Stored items
(* Let $0<\alpha<1$, $\beta\in\mathbb{R}$, and for $x>0$ let ${}^C D_x^\alpha f(x)=\frac{1}{\Gamma(1-\alpha)}\int_0^x (x-t)^{-\alpha}f'(t)\,dt$ denote the Caputo fractional derivative. Then for $x>0$, $${}^C D_x^{\alpha}\big[\tanh(\beta x)\big]=\sum_{l=0}^{\infty}C_\alpha^l\,\frac{d^l}{dx^l}\!\left(\frac{1}{\cosh(\beta x)}\right)\frac{\beta\,x^{1-\alpha+l}}{\Gamma(2+l-\alpha)}\;{}_1F_2\!\left(1;\frac{2+l-\alpha}{2},\frac{3+l-\alpha}{2};\frac{\beta^2x^2}{4}\right),$$ where $C_\alpha^l=\frac{\Gamma(\alpha+1)}{\Gamma(l+1)\Gamma(\alpha-l+1)}$ is the generalized binomial coefficient.
   Context: ${}_1F_2(a;b_1,b_2;z)=\sum_{k\ge0}\frac{(a)_k}{(b_1)_k(b_2)_k}\frac{z^k}{k!}$, with $(a)_k$ the Pochhammer symbol. *)

theory Defs
  imports "HOL-Analysis.Analysis"
begin

definition hyp1F2 :: "real \<Rightarrow> real \<Rightarrow> real \<Rightarrow> real \<Rightarrow> real" where
  "hyp1F2 a b1 b2 z =
     (\<Sum>k. pochhammer a k / (pochhammer b1 k * pochhammer b2 k) * z ^ k / fact k)"

definition caputo :: "real \<Rightarrow> (real \<Rightarrow> real) \<Rightarrow> real \<Rightarrow> real" where
  "caputo \<alpha> f x = (1 / Gamma (1 - \<alpha>)) *
     integral {0..x} (\<lambda>t. (x - t) powr (-\<alpha>) * deriv f t)"

definition gen_binom :: "real \<Rightarrow> nat \<Rightarrow> real" where
  "gen_binom \<alpha> l = Gamma (\<alpha> + 1) / (Gamma (real l + 1) * Gamma (\<alpha> - real l + 1))"

end

theory Submission
  imports Defs "HOL-Complex_Analysis.Complex_Analysis"
begin

text \<open>Write \<open>tanh (\<beta> t) = sinh (\<beta> t) * sech (\<beta> t)\<close> and expand \<open>sech (\<beta> t)\<close> in its Taylor
  series \<open>\<Sum>a\<^sub>m (t - x)\<^sup>m\<close> about \<open>t = x\<close>. The poles of \<open>sech (\<beta> z)\<close> lie on the imaginary
  axis at height at least \<open>\<pi> / (2 |\<beta>|)\<close>, so the disc of convergence contains \<open>[0, x]\<close>.
  Differentiating termwise, the \<open>m\<close>-th term of the Caputo integrand is \<open>(x - t)\<^sup>-\<^sup>\<alpha>\<close> times the
  derivative of \<open>sinh (\<beta> t) (t - x)\<^sup>m\<close>; integration by parts turns its integral into a
  multiple of \<open>\<integral>\<^sub>0\<^sup>x (x - t)\<^sup>m\<^sup>-\<^sup>\<alpha> cosh (\<beta> t) dt\<close>, and expanding \<open>cosh\<close> into Beta integrals
  identifies that as a \<open>\<^sub>1F\<^sub>2\<close> value. Dominated convergence justifies the termwise
  integration, and the reflection formula for \<open>Gamma\<close> converts the resulting coefficient
  \<open>(-1)\<^sup>m \<alpha> / ((\<alpha> - m) (m + 1 - \<alpha>) Gamma (1 - \<alpha>))\<close> into \<open>C\<^sub>\<alpha>\<^sup>m m! / Gamma (m + 2 - \<alpha>)\<close>.\<close>

lemma cosh_of_real: "cosh (complex_of_real r) = complex_of_real (cosh r)"
  by (simp add: cosh_field_def flip: exp_of_real)

lemma cosh_complex_eq_0D:
  fixes w :: complex
  assumes "cosh w = 0"
  shows "Re w = 0" and "pi / 2 \<le> \<bar>Im w\<bar>"
proof -
  from assms have "cos (\<i> * w) = 0" by (simp add: cosh_conv_cos)
  then obtain n :: int where n: "\<i> * w = of_real (n * pi) + of_real pi / 2"
    by (auto simp: cos_eq_0)
  then have w: "w = - \<i> * (of_real (n * pi) + of_real pi / 2)"
    by (metis i_squared minus_minus mult.assoc mult_1 mult_minus_left)
  then show "Re w = 0" by simp
  have "pi / 2 \<le> \<bar>n * pi + pi / 2\<bar>"
  proof (cases "n \<ge> 0")
    case False
    then have "real_of_int n * pi \<le> -1 * pi"
      by (intro mult_right_mono) auto
    then show ?thesis by linarith
  qed simp
  moreover have "Im w = - (n * pi + pi / 2)" using w by simp
  ultimately show "pi / 2 \<le> \<bar>Im w\<bar>" by (metis abs_minus_cancel)
qed

lemma abs_sinh_le_cosh_real: "\<bar>sinh (y :: real)\<bar> \<le> cosh y"
  using sinh_le_cosh_real[of y] sinh_le_cosh_real[of "- y"] by simp

lemma cosh_real_le_if_abs_le:
  fixes y z :: real
  assumes "\<bar>y\<bar> \<le> \<bar>z\<bar>"
  shows "cosh y \<le> cosh z"
  using cosh_real_nonneg_le_iff[of "\<bar>y\<bar>" "\<bar>z\<bar>"] assms by simp

lemma powr_neg_mult_power_minus:
  fixes y \<alpha> :: real
  assumes "0 < y"
  shows "y powr (- \<alpha>) * (- y) ^ n = (-1) ^ n * y powr (real n - \<alpha>)"
proof -
  have "y powr (real n - \<alpha>) = y ^ n * y powr (- \<alpha>)"
    unfolding diff_conv_add_uminus powr_add powr_realpow[OF assms] ..
  then show ?thesis
    unfolding power_minus[of y n] by (simp only: mult_ac)
qed

lemma not_Ints_add_Ints:
  fixes \<alpha> r :: real
  assumes "\<alpha> \<notin> \<int>" and "r \<in> \<int>"
  shows "\<alpha> + r \<notin> \<int>" and "r - \<alpha> \<notin> \<int>"
proof -
  show "\<alpha> + r \<notin> \<int>"
    using assms Ints_diff[of "\<alpha> + r" r] by auto
  show "r - \<alpha> \<notin> \<int>"
    using assms Ints_diff[of r "r - \<alpha>"] by auto
qed

lemma Gamma_plus1_not_Ints:
  fixes z :: real
  assumes "z \<notin> \<int>"
  shows "Gamma (z + 1) = z * Gamma z"
  using assms nonpos_Ints_Int by (intro Gamma_plus1) blast

lemma Gamma_mult_Gamma_shift:
  fixes \<alpha> :: real
  assumes "\<alpha> \<notin> \<int>"
  shows "Gamma (\<alpha> - m) * Gamma (1 - \<alpha> + m) = (-1) ^ m * (Gamma \<alpha> * Gamma (1 - \<alpha>))"
proof (induction m)
  case (Suc m)
  have "\<alpha> + - real (Suc m) \<notin> \<int>" "real (Suc m) - \<alpha> \<notin> \<int>"
    using not_Ints_add_Ints[OF assms, of "- Suc m"] not_Ints_add_Ints[OF assms, of "Suc m"] by auto
  moreover have "\<alpha> + - real (Suc m) + 1 = \<alpha> - m" "\<alpha> + - real (Suc m) = \<alpha> - Suc m"
    "real (Suc m) - \<alpha> + 1 = 1 - \<alpha> + Suc m" "real (Suc m) - \<alpha> = 1 - \<alpha> + m"
    by simp_all
  ultimately have down: "Gamma (\<alpha> - m) = (\<alpha> - Suc m) * Gamma (\<alpha> - Suc m)"
    and up: "Gamma (1 - \<alpha> + Suc m) = (1 - \<alpha> + m) * Gamma (1 - \<alpha> + m)"
    using Gamma_plus1_not_Ints by metis+
  have "Gamma (\<alpha> - Suc m) * Gamma (1 - \<alpha> + Suc m)
      = - ((\<alpha> - Suc m) * Gamma (\<alpha> - Suc m)) * Gamma (1 - \<alpha> + m)"
    unfolding up by (simp add: algebra_simps)
  also have "\<dots> = - (Gamma (\<alpha> - m) * Gamma (1 - \<alpha> + m))"
    unfolding down by simp
  finally show ?case
    using Suc.IH by simp
qed simp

**WORK REQUEST**
Taking the entries above, write out exactly the lines starting with the line containing "integration, and the" and going on through the line containing "using sinh_le_cosh_real[of y]", both included, and nothing else.

**EXERCISE RESPONSE**
  integration, and the reflection formula for \<open>Gamma\<close> converts the resulting coefficient
  \<open>(-1)\<^sup>m \<alpha> / ((\<alpha> - m) (m + 1 - \<alpha>) Gamma (1 - \<alpha>))\<close> into \<open>C\<^sub>\<alpha>\<^sup>m m! / Gamma (m + 2 - \<alpha>)\<close>.\<close>

lemma cosh_of_real: "cosh (complex_of_real r) = complex_of_real (cosh r)"
  by (simp add: cosh_field_def flip: exp_of_real)

lemma cosh_complex_eq_0D:
  fixes w :: complex
  assumes "cosh w = 0"
  shows "Re w = 0" and "pi / 2 \<le> \<bar>Im w\<bar>"
proof -
  from assms have "cos (\<i> * w) = 0" by (simp add: cosh_conv_cos)
  then obtain n :: int where n: "\<i> * w = of_real (n * pi) + of_real pi / 2"
    by (auto simp: cos_eq_0)
  then have w: "w = - \<i> * (of_real (n * pi) + of_real pi / 2)"
    by (metis i_squared minus_minus mult.assoc mult_1 mult_minus_left)
  then show "Re w = 0" by simp
  have "pi / 2 \<le> \<bar>n * pi + pi / 2\<bar>"
  proof (cases "n \<ge> 0")
    case False
    then have "real_of_int n * pi \<le> -1 * pi"
      by (intro mult_right_mono) auto
    then show ?thesis by linarith
  qed simp
  moreover have "Im w = - (n * pi + pi / 2)" using w by simp
  ultimately show "pi / 2 \<le> \<bar>Im w\<bar>" by (metis abs_minus_cancel)
qed

lemma abs_sinh_le_cosh_real: "\<bar>sinh (y :: real)\<bar> \<le> cosh y"
  using sinh_le_cosh_real[of y] sinh_le_cosh_real[of "- y"] by simp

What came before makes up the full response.